We are carrying out a recently approved Concept Study for an Ultra-Long Duration Balloon (ULDB) mission to carry out the first high sensitivity and resolution imaging sky survey in the hard x-ray (20-600 keV) band. The Energetic X-ray Imaging Survey Telescope--Long Integration Time Experiment (EXIST-LITE) would survey ~1/2 the sky each day with an array of 4 large area (1600 cm2 each) and large field of view (40deg X 40deg, each) coded aperture telescopes. By orienting the combined 40deg X 80deg FOV North-South, sources are observed (drift scan) for ~3-12h/day and imaged for ~0.5-3arcmin source locations with 1mCrab sensitivity (30-200 keV) for the full 100d ULDB mission. With a single mid-latitude ULDB flight from both southern and northern launch sites, the EXIST-LITE survey would achieve sensitivities ~10-100X greater than any previous (HEAO-A4; all sky) or planned (INTEGRAL; imaging galactic plane survey) missions.

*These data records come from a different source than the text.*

(* Let $\Lambda$ be a left cancellative small category, $v\in\Lambda^0$, and let $C\subseteq\mathcal D^{(0)}_v$ be a filter. Then $C\in v\Lambda^{**}$ if and only if for every $F\in\mathcal D^{(0)}_v$ such that $F\cap E\ne\varnothing$ for all $E\in C$, there exists $E\in C$ with $E\subseteq F$.
   Context: A left cancellative small category (LCSC) is a small category $\Lambda$ such that $\alpha\beta=\alpha\gamma$ implies $\beta=\gamma$. Composition $\alpha\beta$ is defined when $s(\alpha)=r(\beta)$; $\Lambda^0$ is the set of objects; $v\Lambda=\{\alpha:r(\alpha)=v\}$. For $\alpha\in\Lambda$, $\tau^\alpha(\beta)=\alpha\beta$ on $s(\alpha)\Lambda$ and $\sigma^\alpha:\alpha\Lambda\to s(\alpha)\Lambda$ is its inverse. A zigzag is a tuple $\zeta=(\alpha_1,\beta_1,\dots,\alpha_n,\beta_n)$ with $r(\alpha_i)=r(\beta_i)$ and $s(\alpha_{i+1})=s(\beta_i)$, $s(\zeta)=s(\beta_n)$; the zigzag map $\varphi_\zeta=\sigma^{\alpha_1}\circ\tau^{\beta_1}\circ\cdots\circ\sigma^{\alpha_n}\circ\tau^{\beta_n}$ (partial map) has domain $A(\zeta)\subseteq s(\zeta)\Lambda$. $\mathcal D^{(0)}_v$ is the set of nonempty $A(\zeta)$ with $s(\zeta)=v$ (closed under nonempty intersection). A filter in $\mathcal D^{(0)}_v$ is a nonempty $C\subseteq\mathcal D^{(0)}_v$ closed under intersection and under supersets within $\mathcal D^{(0)}_v$. A finite $\mathcal F\subseteq\mathcal D^{(0)}_v$ covers the filter $C$ if some $E\in C$ satisfies $E\subseteq\bigcup\mathcal F$. $v\Lambda^*$ is the set of filters $C$ in $\mathcal D^{(0)}_v$ such that every finite $\mathcal F\subseteq\mathcal D^{(0)}_v$ with $\mathcal F\cap C=\varnothing$ does not cover $C$. $v\Lambda^{**}$ is the set of maximal elements of $v\Lambda^*$ with respect to inclusion. *)

theory Defs
  imports Main
begin

text \<open>A small category is given by a set of objects Obj, a set of morphisms Mor,
range r and source s maps, a composition cmp (cmp a b = ab, defined when s a = r b)
and identities idm.  Composition outside its domain is unspecified.\<close>

definition small_category ::
  "'o set \<Rightarrow> 'm set \<Rightarrow> ('m \<Rightarrow> 'o) \<Rightarrow> ('m \<Rightarrow> 'o) \<Rightarrow> ('m \<Rightarrow> 'm \<Rightarrow> 'm) \<Rightarrow> ('o \<Rightarrow> 'm) \<Rightarrow> bool" where
  "small_category Obj Mor r s cmp idm \<longleftrightarrow>
     (\<forall>a\<in>Mor. r a \<in> Obj \<and> s a \<in> Obj) \<and>
     (\<forall>x\<in>Obj. idm x \<in> Mor \<and> r (idm x) = x \<and> s (idm x) = x) \<and>
     (\<forall>a\<in>Mor. \<forall>b\<in>Mor. s a = r b \<longrightarrow>
         cmp a b \<in> Mor \<and> r (cmp a b) = r a \<and> s (cmp a b) = s b) \<and>
     (\<forall>a\<in>Mor. cmp (idm (r a)) a = a \<and> cmp a (idm (s a)) = a) \<and>
     (\<forall>a\<in>Mor. \<forall>b\<in>Mor. \<forall>c\<in>Mor. s a = r b \<longrightarrow> s b = r c \<longrightarrow>
         cmp (cmp a b) c = cmp a (cmp b c))"

definition lcsc ::
  "'o set \<Rightarrow> 'm set \<Rightarrow> ('m \<Rightarrow> 'o) \<Rightarrow> ('m \<Rightarrow> 'o) \<Rightarrow> ('m \<Rightarrow> 'm \<Rightarrow> 'm) \<Rightarrow> ('o \<Rightarrow> 'm) \<Rightarrow> bool" where
  "lcsc Obj Mor r s cmp idm \<longleftrightarrow> small_category Obj Mor r s cmp idm \<and>
     (\<forall>a\<in>Mor. \<forall>b\<in>Mor. \<forall>c\<in>Mor. s a = r b \<longrightarrow> s a = r c \<longrightarrow> cmp a b = cmp a c \<longrightarrow> b = c)"

text \<open>One step sigma^alpha o tau^beta of a zigzag map, as a partial map.\<close>
definition zz_step ::
  "'m set \<Rightarrow> ('m \<Rightarrow> 'o) \<Rightarrow> ('m \<Rightarrow> 'o) \<Rightarrow> ('m \<Rightarrow> 'm \<Rightarrow> 'm) \<Rightarrow> 'm \<Rightarrow> 'm \<Rightarrow> 'm \<Rightarrow> 'm option" where
  "zz_step Mor r s cmp \<alpha> \<beta> \<gamma> =
     (if \<gamma> \<in> Mor \<and> r \<gamma> = s \<beta> \<and> (\<exists>\<delta>\<in>Mor. r \<delta> = s \<alpha> \<and> cmp \<alpha> \<delta> = cmp \<beta> \<gamma>)
      then Some (THE \<delta>. \<delta> \<in> Mor \<and> r \<delta> = s \<alpha> \<and> cmp \<alpha> \<delta> = cmp \<beta> \<gamma>)
      else None)"

text \<open>Zigzag map of the zigzag [(alpha_1,beta_1),...,(alpha_n,beta_n)]:
 sigma^alpha_1 o tau^beta_1 o ... o sigma^alpha_n o tau^beta_n (rightmost applied first).\<close>
fun zz_map ::
  "'m set \<Rightarrow> ('m \<Rightarrow> 'o) \<Rightarrow> ('m \<Rightarrow> 'o) \<Rightarrow> ('m \<Rightarrow> 'm \<Rightarrow> 'm) \<Rightarrow> ('m \<times> 'm) list \<Rightarrow> 'm \<Rightarrow> 'm option" where
  "zz_map Mor r s cmp [] \<gamma> = Some \<gamma>"
| "zz_map Mor r s cmp ((\<alpha>, \<beta>) # \<zeta>) \<gamma> =
     Option.bind (zz_map Mor r s cmp \<zeta> \<gamma>) (zz_step Mor r s cmp \<alpha> \<beta>)"

definition is_zigzag ::
  "'m set \<Rightarrow> ('m \<Rightarrow> 'o) \<Rightarrow> ('m \<Rightarrow> 'o) \<Rightarrow> ('m \<times> 'm) list \<Rightarrow> bool" where
  "is_zigzag Mor r s \<zeta> \<longleftrightarrow> \<zeta> \<noteq> [] \<and>
     (\<forall>i<length \<zeta>. fst (\<zeta>!i) \<in> Mor \<and> snd (\<zeta>!i) \<in> Mor \<and> r (fst (\<zeta>!i)) = r (snd (\<zeta>!i))) \<and>
     (\<forall>i. Suc i < length \<zeta> \<longrightarrow> s (fst (\<zeta>!Suc i)) = s (snd (\<zeta>!i)))"

definition zz_src :: "('m \<Rightarrow> 'o) \<Rightarrow> ('m \<times> 'm) list \<Rightarrow> 'o" where
  "zz_src s \<zeta> = s (snd (last \<zeta>))"

definition zz_dom ::
  "'m set \<Rightarrow> ('m \<Rightarrow> 'o) \<Rightarrow> ('m \<Rightarrow> 'o) \<Rightarrow> ('m \<Rightarrow> 'm \<Rightarrow> 'm) \<Rightarrow> ('m \<times> 'm) list \<Rightarrow> 'm set" where
  "zz_dom Mor r s cmp \<zeta> = {\<gamma> \<in> Mor. r \<gamma> = zz_src s \<zeta> \<and> zz_map Mor r s cmp \<zeta> \<gamma> \<noteq> None}"

definition D0 ::
  "'m set \<Rightarrow> ('m \<Rightarrow> 'o) \<Rightarrow> ('m \<Rightarrow> 'o) \<Rightarrow> ('m \<Rightarrow> 'm \<Rightarrow> 'm) \<Rightarrow> 'o \<Rightarrow> 'm set set" where
  "D0 Mor r s cmp v = {zz_dom Mor r s cmp \<zeta> | \<zeta>.
      is_zigzag Mor r s \<zeta> \<and> zz_src s \<zeta> = v \<and> zz_dom Mor r s cmp \<zeta> \<noteq> {}}"

definition is_filter_in :: "'m set set \<Rightarrow> 'm set set \<Rightarrow> bool" where
  "is_filter_in D C \<longleftrightarrow> C \<subseteq> D \<and> C \<noteq> {} \<and>
     (\<forall>E\<in>C. \<forall>F\<in>C. E \<inter> F \<in> C) \<and>
     (\<forall>E\<in>C. \<forall>F\<in>D. E \<subseteq> F \<longrightarrow> F \<in> C)"

definition covers :: "'m set set \<Rightarrow> 'm set set \<Rightarrow> bool" where
  "covers \<F> C \<longleftrightarrow> (\<exists>E\<in>C. E \<subseteq> \<Union>\<F>)"

definition LamStar ::
  "'m set \<Rightarrow> ('m \<Rightarrow> 'o) \<Rightarrow> ('m \<Rightarrow> 'o) \<Rightarrow> ('m \<Rightarrow> 'm \<Rightarrow> 'm) \<Rightarrow> 'o \<Rightarrow> 'm set set set" where
  "LamStar Mor r s cmp v = {C. is_filter_in (D0 Mor r s cmp v) C \<and>
     (\<forall>\<F>. finite \<F> \<longrightarrow> \<F> \<subseteq> D0 Mor r s cmp v \<longrightarrow> \<F> \<inter> C = {} \<longrightarrow> \<not> covers \<F> C)}"

definition LamStarStar ::
  "'m set \<Rightarrow> ('m \<Rightarrow> 'o) \<Rightarrow> ('m \<Rightarrow> 'o) \<Rightarrow> ('m \<Rightarrow> 'm \<Rightarrow> 'm) \<Rightarrow> 'o \<Rightarrow> 'm set set set" where
  "LamStarStar Mor r s cmp v = {C \<in> LamStar Mor r s cmp v.
     \<forall>C'\<in>LamStar Mor r s cmp v. C \<subseteq> C' \<longrightarrow> C' = C}"

end

theory Submission
  imports Defs
begin

text \<open>The sets in \<open>\<D> = D0 v\<close> are nonempty, and \<open>\<D>\<close> is closed under nonempty intersections:
  \<open>A(\<zeta>) \<inter> A(\<xi>) = A(\<zeta>\<^sup>-\<^sup>1\<zeta>\<xi>\<^sup>-\<^sup>1\<xi>)\<close>, because left cancellation makes \<open>\<zeta>\<^sup>-\<^sup>1\<zeta>\<close> act as the
  identity on \<open>A(\<zeta>)\<close>.  Beyond this nothing about the category is used.  For such a family,
  a filter \<open>C\<close> with the stated property (call it ultra) lies in \<open>v\<Lambda>\<^sup>*\<close>: each \<open>F \<notin> C\<close> misses
  some member of \<open>C\<close>, so finitely many such \<open>F\<close> miss a common member and cannot cover \<open>C\<close>.
  Maximal filters are ultra, since a set meeting every member of \<open>U\<close> generates together
  with \<open>U\<close> a larger filter.  Hence a maximal element \<open>C\<close> of \<open>v\<Lambda>\<^sup>*\<close> equals any maximal filter
  above it (Zorn), and is ultra; conversely an ultra filter has no proper filter above it.\<close>

definition ultra_in :: "'a set set \<Rightarrow> 'a set set \<Rightarrow> bool" where
  "ultra_in D C \<longleftrightarrow> (\<forall>F\<in>D. (\<forall>E\<in>C. F \<inter> E \<noteq> {}) \<longrightarrow> (\<exists>E\<in>C. E \<subseteq> F))"

definition maximal_filter_in :: "'a set set \<Rightarrow> 'a set set \<Rightarrow> bool" where
  "maximal_filter_in D U \<longleftrightarrow>
     is_filter_in D U \<and> (\<forall>U'. is_filter_in D U' \<longrightarrow> U \<subseteq> U' \<longrightarrow> U' = U)"

lemma is_filter_inD:
  assumes "is_filter_in D C"
  shows is_filter_in_subset: "C \<subseteq> D"
    and is_filter_in_nonempty: "C \<noteq> {}"
    and is_filter_in_Int: "E \<in> C \<Longrightarrow> F \<in> C \<Longrightarrow> E \<inter> F \<in> C"
    and is_filter_in_upward: "E \<in> C \<Longrightarrow> F \<in> D \<Longrightarrow> E \<subseteq> F \<Longrightarrow> F \<in> C"
  using assms by (auto simp: is_filter_in_def)

lemma is_filter_in_Union_chain:
  assumes "\<C> \<noteq> {}" and filters: "\<And>X. X \<in> \<C> \<Longrightarrow> is_filter_in D X" and "chain\<^sub>\<subseteq> \<C>"
  shows "is_filter_in D (\<Union>\<C>)"
  unfolding is_filter_in_def
proof (intro conjI ballI impI)
  show "\<Union>\<C> \<subseteq> D" and "\<Union>\<C> \<noteq> {}"
    using \<open>\<C> \<noteq> {}\<close> filters is_filter_in_subset is_filter_in_nonempty by blast+
next
  fix E F assume "E \<in> \<Union>\<C>" "F \<in> \<Union>\<C>"
  then obtain X Y where "X \<in> \<C>" "Y \<in> \<C>" "E \<in> X" "F \<in> Y" by blast
  moreover have "X \<subseteq> Y \<or> Y \<subseteq> X"
    using \<open>chain\<^sub>\<subseteq> \<C>\<close> \<open>X \<in> \<C>\<close> \<open>Y \<in> \<C>\<close> unfolding chain_subset_def by blast
  ultimately show "E \<inter> F \<in> \<Union>\<C>"
    using filters is_filter_in_Int by blast
next
  fix E F assume "E \<in> \<Union>\<C>" "F \<in> D" "E \<subseteq> F"
  then show "F \<in> \<Union>\<C>" using filters is_filter_in_upward by blast
qed

lemma is_filter_in_extends_to_maximal:
  assumes "is_filter_in D C"
  obtains U where "maximal_filter_in D U" and "C \<subseteq> U"
proof -
  let ?A = "{U. is_filter_in D U \<and> C \<subseteq> U}"
  have "\<exists>U\<in>?A. \<forall>X\<in>?A. U \<subseteq> X \<longrightarrow> X = U"
  proof (rule subset_Zorn_nonempty)
    show "?A \<noteq> {}" using assms by blast
  next
    fix \<C> assume "\<C> \<noteq> {}" and "subset.chain ?A \<C>"
    then have "\<C> \<subseteq> ?A" and "chain\<^sub>\<subseteq> \<C>"
      by (auto simp: subset_chain_def chain_subset_def)
    then have "is_filter_in D (\<Union>\<C>)"
      using is_filter_in_Union_chain[OF \<open>\<C> \<noteq> {}\<close>] by blast
    moreover have "C \<subseteq> \<Union>\<C>" using \<open>\<C> \<noteq> {}\<close> \<open>\<C> \<subseteq> ?A\<close> by blast
    ultimately show "\<Union>\<C> \<in> ?A" by blast
  qed
  then obtain U where "is_filter_in D U" "C \<subseteq> U" "\<forall>X\<in>?A. U \<subseteq> X \<longrightarrow> X = U"
    by blast
  then have "maximal_filter_in D U"
    unfolding maximal_filter_in_def by blast
  then show thesis using that \<open>C \<subseteq> U\<close> by blast
qed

It would enable key new studies of gamma-ray bursts, AGN, galaxy clusters, x-ray binaries, stars and possible hidden supernova remnants and be a pathfinder for followup pointed missions such as the focussing hard x-ray telescope (HXT) on Constellation-X. This talk will focus on some of the details of the science objectives and how they relate to current wide-field HX survey studies being conducted with BATSE and BeppoSAX (WFC) as well as recent HX results from narrow-field instruments (e.g. BeppoSAX/PDS). Our ongoing technology development for both the imaging HX detectors (employing Cd-Zn-Te pixellated arrays) and some of the ULDB gondola systems will also be described.